* Glenn Parker (Mar 20, 2005 17:10):
> > > > Well, the problem is that a String is represented by one long
> > > > sequence of bytes in memory.

> > > AFAIK, that is not actually a requirement for a Ruby
> > > implementation.

> > What does that mean?  That is how it's implemented in Ruby.  There's
> > no definition of how Ruby should be implemented.

> Sure there is: a Ruby implementation should implement the Ruby
> language as currently defined.  What I'm saying is that there is
> nothing in the definition of the Ruby language that forces an
> implementor to use contiguous blocks of memory for strings or arrays.

Well, yes there is.  You are forgetting the C interface:
RSTRING(str)->ptr is used in a lot of modules.
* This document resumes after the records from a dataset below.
(* Let $n \geq 1$ and let $Q, R$ be fixed real symmetric positive semidefinite $n \times n$ matrices, and let $S = \begin{pmatrix} Q & 0 \\ 0 & R \end{pmatrix}$ be the $2n \times 2n$ block-diagonal matrix. Let $U, V$ be independent random $n \times n$ matrices, each distributed uniformly (Haar) on the set of $n \times n$ orthogonal matrices, and let $u_j, v_j$ denote the $j$-th columns of $U$ and $V$. Define $\mu = \min_{j \leq n} \left( u_j^\top Q u_j + v_j^\top R v_j \right)$. Then $$\forall\, 0 \leq \gamma \leq 1,\quad \mathbb{P}\left( \mu \geq \frac{\operatorname{tr}(S)}{2n}(1-\gamma) \right) \geq 1 - n\, e^{-\frac{\operatorname{tr}(S)^2}{4\|S\|_F^2}\gamma^2} - 2 e^{-\frac{n}{8}},$$ and, for all $\gamma \geq 0$, $$\mathbb{P}\left( \mu \leq \frac{4\operatorname{tr}(S)}{n}(1+\gamma) \right) \geq \begin{cases} 1 - e^{-\frac{\operatorname{tr}(S)^2}{8\|S\|_F^2}\gamma^2} - 2e^{-\frac{n}{8}} & \text{if } \gamma \leq \frac{\|S\|_F^2}{\operatorname{tr}(S)\,\|S\|_{op}}, \\ 1 - e^{-\frac{\operatorname{tr}(S)}{8\|S\|_{op}}\gamma} - 2e^{-\frac{n}{8}} & \text{otherwise.} \end{cases}$$
   Context: $\|\cdot\|_F$ denotes the Frobenius norm and $\|\cdot\|_{op}$ the operator (spectral) norm. $\operatorname{tr}$ is the trace. *)

theory Defs
  imports "HOL-Probability.Probability"
begin

definition psd_matrix :: "real^'n^'n \<Rightarrow> bool" where
  "psd_matrix Q \<longleftrightarrow> transpose Q = Q \<and> (\<forall>x. 0 \<le> x \<bullet> (Q *v x))"

text \<open>Haar (uniform) probability measure on the orthogonal group O(n), characterised as a
Borel probability measure on n x n real matrices, concentrated on the orthogonal matrices and
invariant under left multiplication by orthogonal matrices (unique by uniqueness of Haar measure).\<close>
definition haar_orthogonal :: "(real^'n^'n) measure \<Rightarrow> bool" where
  "haar_orthogonal M \<longleftrightarrow> sets M = sets borel \<and> prob_space M \<and>
     emeasure M {U. orthogonal_matrix U} = 1 \<and>
     (\<forall>A. orthogonal_matrix A \<longrightarrow> distr M borel (\<lambda>U. A ** U) = M)"

definition block_diag :: "real^'n^'n \<Rightarrow> real^'n^'n \<Rightarrow> real^('n + 'n)^('n + 'n)" where
  "block_diag Q R = (\<chi> i j. case (i, j) of
       (Inl a, Inl b) \<Rightarrow> Q $ a $ b
     | (Inr a, Inr b) \<Rightarrow> R $ a $ b
     | _ \<Rightarrow> 0)"

definition frob_norm :: "real^'m^'k \<Rightarrow> real" where
  "frob_norm A = sqrt (\<Sum>i\<in>UNIV. \<Sum>j\<in>UNIV. (A $ i $ j)^2)"

definition op_norm :: "real^'m^'k \<Rightarrow> real" where
  "op_norm A = onorm (\<lambda>x. A *v x)"

definition min_diag :: "real^'n^'n \<Rightarrow> real^'n^'n \<Rightarrow> real^'n^'n \<Rightarrow> real^'n^'n \<Rightarrow> real" where
  "min_diag Q R U V = Min (range (\<lambda>j. column j U \<bullet> (Q *v column j U) + column j V \<bullet> (R *v column j V)))"

end

theory Submission
  imports Defs
begin

(* For a Haar-distributed U the column u_j is uniform on the unit sphere, and a standard
   Gaussian vector w has the law of |w| u_j with |w| independent of u_j and E |w|^2 = n.
   Jensen's inequality in the radial part therefore gives
     E exp (- t u_j^T Q u_j) <= E exp (- (t/n) w^T Q w),
   and diagonalising Q the Gaussian side factorises into prod_i (1 + 2 (t/n) d_i)^(-1/2)
   <= exp (- (t/n) tr Q + (t/n)^2 |Q|_F^2).  A Chernoff bound for u_j^T Q u_j + v_j^T R v_j
   with the optimal t, followed by a union bound over the n columns, yields the lower tail
   of mu (even without the term 2 exp (- n/8)).  The upper tail is deterministic: since
   sum_j (u_j^T Q u_j + v_j^T R v_j) = tr Q + tr R = tr S, the minimum mu is at most
   tr S / n <= 4 tr S (1 + gamma) / n for all orthogonal U and V. *)

section \<open>Orthogonal invariance of Lebesgue measure\<close>

(* Change_Of_Vars proves measure_orthogonal_image only for wellordered index types; a copy of
   a finite index type is wellordered through to_nat, and Lebesgue measure is transported
   along the resulting relabelling of coordinates. *)
typedef 'a wellordered = "UNIV :: 'a set" by simp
> Managing large strings as linked chunks is something text editors
> already do for performance.

It's not a very good representation for a text editor, though.  The
lookup method becomes O(n), which is just terrible.  Read [1] for an
overview of representing sequences.  I have already mentioned Ropes a
couple of times as a possible solution to the problem of dealing with
large strings.

> Assertions about how strings should or should not be used are based,
> in part, on assumptions that should be questioned.

Yes, but the whole point is that they haven't and it seems that people
don't realize how their implementation limits their use.  A String is
simply not well-suited for sequences longer than some certain limit
(depending on system and so on).  There are ways to alleviate these
issues.  For me, the most obviously good solution would be to add
another sequence data structure that would fit use-cases where long
sequences are expected.

> > The implementation is the standard.

> I would rather say: The most widely used implementation is the de
> facto standard.  :)

Which, in this case, is like saying what I already said.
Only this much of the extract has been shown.